R4(config)#access-list 104 deny 0.0.1.0 255.255.254.0 255.255.252.0 0.0.3.255
R4(config)#access-list 104 permit ip any any
This would deny any route with an odd third octet, with a /22 mask or larger up to a /24. I already know how to match networks based on access-lists, but matching the masks with an access-list is something new. Looking at it, it makes total sense, but something I need to see a few more times to really get a handle on.
Moving on, I stumbled across bgp dampening. Something I always though was pretty easy, but INE presents it differently. "Once a prefix flaps two times in a row, the advertisement should resume in 5 minutes". Most scenarios will specify the actual dampening parameters. Here is the actual formula:
P (t) = P (0) /2^(t/Half_life)
We know that the time we want is 5 minutes.
P(5) = P(0)/2^(5/Half_life)
Now substitute P(5) = 750 (the reuse limit) and P(0) = 2000 (suppress limit). The equation becomes:
200/750=2^(5/Half_life)
From this equation, take the logarithm of the both sides.

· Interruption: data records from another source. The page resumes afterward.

lemma L_S_inv_entry_second_difference:
  "4 * L_S_inv_entry n d - L_S_inv_entry n (d - 1) - L_S_inv_entry n (d + 1) = (if d = 0 then 1 else 0)"
proof -
  define D where "D = 2 * sqrt 3 * (1 + q_const ^ n)"
  have "D > 0"
    using q_pos by (simp add: D_def add_pos_nonneg)
  have pos: "4 * L_S_inv_entry n e - L_S_inv_entry n (e - 1) - L_S_inv_entry n (e + 1) = 0"
    if "e > 0" for e
  proof -
    let ?N = "\<lambda>k. q_const ^ k - q_const ^ n * p_const ^ k"
    define m where "m = nat (e - 1)"
    have "nat \<bar>e\<bar> = Suc m" "nat \<bar>e - 1\<bar> = m" "nat \<bar>e + 1\<bar> = Suc (Suc m)"
      using that by (simp_all add: m_def)
    then have "4 * L_S_inv_entry n e - L_S_inv_entry n (e - 1) - L_S_inv_entry n (e + 1)
        = (4 * ?N (Suc m) - ?N m - ?N (Suc (Suc m))) / D"
      by (simp add: L_S_inv_entry_def D_def diff_divide_distrib)
    also have "4 * ?N (Suc m) - ?N m - ?N (Suc (Suc m))
        = (4 * q_const ^ Suc m - q_const ^ m - q_const ^ Suc (Suc m))
          - q_const ^ n * (4 * p_const ^ Suc m - p_const ^ m - p_const ^ Suc (Suc m))"
      by (simp add: algebra_simps)
    finally show ?thesis
      using power_recurrence[OF p_square, of m] power_recurrence[OF q_square, of m] by simp
  qed
  have zero: "4 * L_S_inv_entry n 0 - 2 * L_S_inv_entry n 1 = 1"
  proof -
    have "4 * L_S_inv_entry n 0 - 2 * L_S_inv_entry n 1
        = (4 * (1 - q_const ^ n) - 2 * (q_const - q_const ^ n * p_const)) / D"
      by (simp add: L_S_inv_entry_def D_def diff_divide_distrib)
    also have "4 * (1 - q_const ^ n) - 2 * (q_const - q_const ^ n * p_const) = D"
      by (simp add: D_def p_const_def q_const_def algebra_simps)
    finally show ?thesis
      using \<open>D > 0\<close> by simp
  qed
  consider "d = 0" | "d > 0" | "d < 0"
    by linarith
  then show ?thesis
  proof cases
    case 1
    then show ?thesis
      using zero L_S_inv_entry_uminus[of n 1] by simp
  next
    case 2
    then show ?thesis
      using pos by simp
  next
    case 3
    have "L_S_inv_entry n (- d - 1) = L_S_inv_entry n (d + 1)"
      "L_S_inv_entry n (- d + 1) = L_S_inv_entry n (d - 1)"
      using L_S_inv_entry_uminus[of n "d + 1"] L_S_inv_entry_uminus[of n "d - 1"] by simp_all
    then show ?thesis
      using pos[of "- d"] 3 by simp
  qed
qed
lemma card_Part_wt_le:
  assumes "m \<le> int K"
  shows "finite {\<mu> \<in> Part K. wt (\<mu>, Suc K) \<le> m} \<and> card {\<mu> \<in> Part K. wt (\<mu>, Suc K) \<le> m} = pb m"
proof (cases "m < 0")
  case True
  then have empty: "{\<mu> \<in> Part K. wt (\<mu>, Suc K) \<le> m} = {}"
    using dg_nonneg dg_le_wt by (metis (no_types, lifting) empty_Collect_eq order.trans not_le)
  show ?thesis unfolding empty pb_def using True by simp
next
  case False
  then have "wt (\<mu>, Suc K) \<le> m \<longleftrightarrow> (\<Sum>j = 1..K. j * \<mu> j) \<le> nat m" for \<mu>
    unfolding wt_Suc by (simp add: le_nat_iff del: of_nat_sum)
  then have "{\<mu> \<in> Part K. wt (\<mu>, Suc K) \<le> m} = {\<mu> \<in> Part K. (\<Sum>j = 1..K. j * \<mu> j) \<le> nat m}"
    by simp
  then show ?thesis
    using False assms card_Part_weight_le[of "nat m" K] finite_Part_weight_le unfolding pb_def by simp
qed

text \<open>On multiplicity vectors, shift_down deletes the parts equal to 1 and lowers every
  other part by one; shift_up x undoes this, restoring x parts equal to 1.\<close>
definition shift_down :: "(nat \<Rightarrow> nat) \<Rightarrow> nat \<Rightarrow> nat" where
  "shift_down L j = (if j = 0 then 0 else L (Suc j))"

definition shift_up :: "nat \<Rightarrow> (nat \<Rightarrow> nat) \<Rightarrow> nat \<Rightarrow> nat" where
  "shift_up x \<mu> j = (if j = 0 then 0 else if j = 1 then x else \<mu> (j - 1))"

lemma shift_down_shift_up: "\<mu> 0 = 0 \<Longrightarrow> shift_down (shift_up x \<mu>) = \<mu>"
  by (auto simp: shift_down_def shift_up_def)

lemma shift_up_shift_down: "L 0 = 0 \<Longrightarrow> shift_up (L 1) (shift_down L) = L"
  by (auto simp: shift_down_def shift_up_def fun_eq_iff Suc_pred)

lemma shift_down_Part: "L \<in> Part (Suc K) \<Longrightarrow> shift_down L \<in> Part K"
  by (simp add: Part_def shift_down_def)

lemma shift_up_Part: "\<mu> \<in> Part K \<Longrightarrow> shift_up x \<mu> \<in> Part (Suc K)"
  by (simp add: Part_def shift_up_def)

lemma wt_minus_dg_Suc: "wt (L, Suc k) - dg (L, Suc k) = wt (shift_down L, k)"
proof -
  have "wt (L, Suc k) - dg (L, Suc k) = (\<Sum>j = Suc 0..<Suc k. (int j - 1) * int (L j))"
    by (simp add: wt_minus_dg)
  also have "\<dots> = (\<Sum>j = 0..<k. int j * int (L (Suc j)))"
    by (subst sum.atLeast_Suc_lessThan_Suc_shift) simp
  also have "\<dots> = (\<Sum>j = 1..<k. int j * int (shift_down L j))"
    by (rule sum.mono_neutral_cong_right) (auto simp: shift_down_def)
  finally show ?thesis unfolding wt_def by simp
qed

lemma dg_Suc_Suc: "dg (L, Suc (Suc K)) = int (L 1) + dg (shift_down L, Suc K)"
proof -
  have "dg (L, Suc (Suc K)) = int (L 1) + (\<Sum>j = Suc 1..<Suc (Suc K). int (L j))"
    unfolding dg_def by (subst sum.atLeast_Suc_lessThan) simp_all
  also have "(\<Sum>j = Suc 1..<Suc (Suc K). int (L j)) = dg (shift_down L, Suc K)"
    unfolding dg_def by (subst sum.atLeast_Suc_lessThan_Suc_shift) (simp add: shift_down_def)
  finally show ?thesis .
qed

lemma bij_betw_shift_down:
  fixes a h :: int
  assumes h: "0 \<le> h" and K: "int K \<le> h * a + 1"
  shows "bij_betw shift_down
    {L \<in> Part (Suc K). a \<le> int (Suc K) - wt (shift_down L, Suc K) \<and>
       int (L 1) + dg (shift_down L, Suc K) = h * (int (Suc K) - wt (shift_down L, Suc K)) + 2 - a}
    {\<mu> \<in> Part K. wt (\<mu>, Suc K) \<le> int (Suc K) - a}"
    (is "bij_betw _ ?S ?T")
proof -
  define x where "x \<mu> = h * (int (Suc K) - wt (\<mu>, Suc K)) + 2 - a - dg (\<mu>, Suc K)" for \<mu>
  have x_nonneg: "0 \<le> x \<mu>" if "\<mu> \<in> ?T" for \<mu>
  proof -
    define E where "E = int (Suc K) - wt (\<mu>, Suc K)"
    have "a \<le> E" using that unfolding E_def by simp
    then have "(h + 1) * a \<le> (h + 1) * E" using h by (simp add: mult_left_mono)
    moreover have "dg (\<mu>, Suc K) \<le> int (Suc K) - E" using dg_le_wt unfolding E_def by simp
    ultimately show ?thesis using K unfolding x_def E_def[symmetric] by (simp add: algebra_simps)
  qed
  show ?thesis
  proof (rule bij_betw_byWitness[where f' = "\<lambda>\<mu>. shift_up (nat (x \<mu>)) \<mu>"])
    show "\<forall>L\<in>?S. shift_up (nat (x (shift_down L))) (shift_down L) = L"
    proof
      fix L assume L: "L \<in> ?S"
      then have "x (shift_down L) = int (L 1)" unfolding x_def by simp
      then show "shift_up (nat (x (shift_down L))) (shift_down L) = L"
        using shift_up_shift_down[of L] L by (simp add: Part_def)
    qed
    show "\<forall>\<mu>\<in>?T. shift_down (shift_up (nat (x \<mu>)) \<mu>) = \<mu>"
      using shift_down_shift_up by (auto simp: Part_def)
    show "shift_down ` ?S \<subseteq> ?T"
      using shift_down_Part by auto
    show "(\<lambda>\<mu>. shift_up (nat (x \<mu>)) \<mu>) ` ?T \<subseteq> ?S"
      using shift_up_Part shift_down_shift_up x_nonneg by (auto simp: x_def Part_def shift_up_def)
  qed
qed

lemma BB_eq_UN_BBu: "BB n = (\<Union>k\<in>{1..n}. BBu n k)"
  unfolding BB_def BBu_def by auto

lemma LL_inter_BBu_eq:
  assumes n: "3 \<le> n" and i: "0 \<le> i" and k: "1 \<le> k" "k \<le> n"
  shows "LL n i \<inter> BBu n k = (\<lambda>L. (L, k)) `
    {L \<in> Part (k - 1). int n - rr n i \<le> int k - 1 - (wt (L, k) - dg (L, k)) \<and>
       dg (L, k) = hh n i * (int k - 1 - (wt (L, k) - dg (L, k))) + 2 - (int n - rr n i)}"
proof -
  have E: "int n - 1 - WD n (L, k) = int k - 1 - (wt (L, k) - dg (L, k))" for L
    unfolding WD_def by simp
  have "(L, k) \<in> LL n i \<longleftrightarrow> L \<in> Part (k - 1) \<and>
      int n - rr n i \<le> int k - 1 - (wt (L, k) - dg (L, k)) \<and>
      dg (L, k) = hh n i * (int k - 1 - (wt (L, k) - dg (L, k))) + 2 - (int n - rr n i)" for L
    using mem_LL_iff[OF n i, of "(L, k)"] k unfolding E BB_def by simp
  then show ?thesis
    using LL_subset_BB unfolding BBu_def by (auto simp: image_iff)
qed

lemma card_LL_inter_BBu:
  assumes n: "3 \<le> n" and i: "0 \<le> i" and h: "int n - 3 \<le> hh n i" and k: "1 \<le> k" "k \<le> n"
  shows "finite (LL n i \<inter> BBu n k) \<and> card (LL n i \<inter> BBu n k) = pb (rr n i + int k - int n - 1)"
proof -
  define a where "a = int n - rr n i"
  define S where "S = {L \<in> Part (k - 1). a \<le> int k - 1 - (wt (L, k) - dg (L, k)) \<and>
       dg (L, k) = hh n i * (int k - 1 - (wt (L, k) - dg (L, k))) + 2 - a}"
  have a: "1 \<le> a" "a \<le> int n - 1" using rr_bounds[of n i] n unfolding a_def by auto
  have "finite S \<and> card S = pb (int k - 1 - a)"
  proof (cases "k = 1")
    case True
    then have "S = {}" using a unfolding S_def wt_minus_dg by simp
    then show ?thesis using True a unfolding pb_def by simp
  next
    case False
    define K where "K = k - 2"
    have K: "k = Suc (Suc K)" using k False unfolding K_def by simp
    have "int K \<le> hh n i * a + 1"
      using mult_left_mono[OF a(1), of "hh n i"] h n k K by simp
    then have "bij_betw shift_down S {\<mu> \<in> Part K. wt (\<mu>, Suc K) \<le> int (Suc K) - a}"
      using bij_betw_shift_down[of "hh n i" K a] h n
      unfolding S_def K wt_minus_dg_Suc unfolding dg_Suc_Suc by simp
    then show ?thesis
      using card_Part_wt_le[of "int (Suc K) - a" K] a K
      by (simp add: bij_betw_finite bij_betw_same_card)
  qed
  moreover have "card ((\<lambda>L. (L, k)) ` S) = card S" by (rule card_image) (simp add: inj_on_def)
  moreover have "int k - 1 - a = rr n i + int k - int n - 1" unfolding a_def by simp
  ultimately show ?thesis
    unfolding LL_inter_BBu_eq[OF n i k] a_def[symmetric] S_def[symmetric] by simp
qed

lemma pc_plus_one: "pc (x + 1) = pc x + pb (x + 1)"
proof (cases "x + 1 < 0")
  case True
  then show ?thesis unfolding pc_def by (simp add: pb_def)
next
  case False
  then have "{0..1 + x} = insert (1 + x) {0..x}" by (intro atLeastAtMostPlus1_int_conv) simp
  then show ?thesis unfolding pc_def by (simp add: add.commute)
qed

lemma sum_pb_eq_pc: "x < 0 \<Longrightarrow> (\<Sum>k = 1..m. pb (x + int k)) = pc (x + int m)"
proof (induction m)
  case 0
  then show ?case unfolding pc_def by simp
next
  case (Suc m)
  then show ?case using pc_plus_one[of "x + int m"] by (simp add: ac_simps)
qed

theorem corollary2p16:
  fixes n k :: nat and i :: int
  assumes "n \<ge> 3" and "i \<ge> 0" and "i > (int n - 4) * (int n - 1)"
    and "1 \<le> k" and "k \<le> n"
  shows "finite (LL n i \<inter> BBu n k)
       \<and> card (LL n i \<inter> BBu n k) = pb (rr n i + int k - int n - 1)
       \<and> finite (LL n i) \<and> card (LL n i) = pc (rr n i - 1)"
proof -
  have "int n - 3 \<le> hh n i" using hh_lower_bound assms(1,3) by simp
  then have slice: "finite (LL n i \<inter> BBu n k')
      \<and> card (LL n i \<inter> BBu n k') = pb (rr n i - int n - 1 + int k')" if "k' \<in> {1..n}" for k'
    using card_LL_inter_BBu[OF assms(1,2)] that by (simp add: algebra_simps)
  have LL_eq: "LL n i = (\<Union>k'\<in>{1..n}. LL n i \<inter> BBu n k')"
    using LL_subset_BB[of n i] BB_eq_UN_BBu[of n] by blast
  have LL_finite: "finite (LL n i)" by (subst LL_eq) (use slice in blast)
  have "card (LL n i) = (\<Sum>k' = 1..n. card (LL n i \<inter> BBu n k'))"
    by (subst LL_eq, rule card_UN_disjoint) (use slice in \<open>auto simp: BBu_def\<close>)
  also have "\<dots> = pc (rr n i - 1)"
    using slice sum_pb_eq_pc[of "rr n i - int n - 1" n] rr_bounds[of n i] assms(1) by simp
  finally show ?thesis using LL_finite slice assms(4,5) by (simp add: algebra_simps)
qed

end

Half_life=5*Ln(2)/Ln(200/75) = 3.5 (approx.)
We may now round up to 4. Max suppress time is by default 4 x half_life, giving us the following:
router bgp 200
bgp dampening 4 750 2000 16
Wow. Am I the only one lost? It's been a number of years since I've taken an advanced math class, so I'm guessing that is why I am lost. I'll review this again later, but I would hope Cisco doesn't expect all candidates to be up on advanced math.
The default bgp scanner time is 60 seconds. Keepalive is defaulted to 60 seconds with the holdtime being 180. The BGP scanner is responsible checking validity and reachability of BGP NEXT_HOP attributes, performs conditional advertisement and route injection, imports new routes into BGP table from RIB and performs route dampening. If you receive a scenario to configure BGP to do route injection every 20 seconds, you will need to alter the BGP scan time. Also, setting the advertisement-interval to 0 will remove batch updates and advertise immediately.
You can adjust the bgp next-hop trigger timers. Remember the BGP scan time is responsible for validity and reachability of the NEXT_HOP attributes. If we use the next-hop trigger timers, we can tune this to be more in line with IGP timers.
That finally wraps up BGP. This took me a while, but I wanted to take my time going through BGP, knowing that it is one of my weaknesses. More to come later from Vol 1.....
DMZ Link bandwidth is another of those topics that is not difficult to understand or implement. It's just a matter of putting all the pieces together. First, you need to enable dmz-link bw under both the BGP process and for the ebgp neighbors.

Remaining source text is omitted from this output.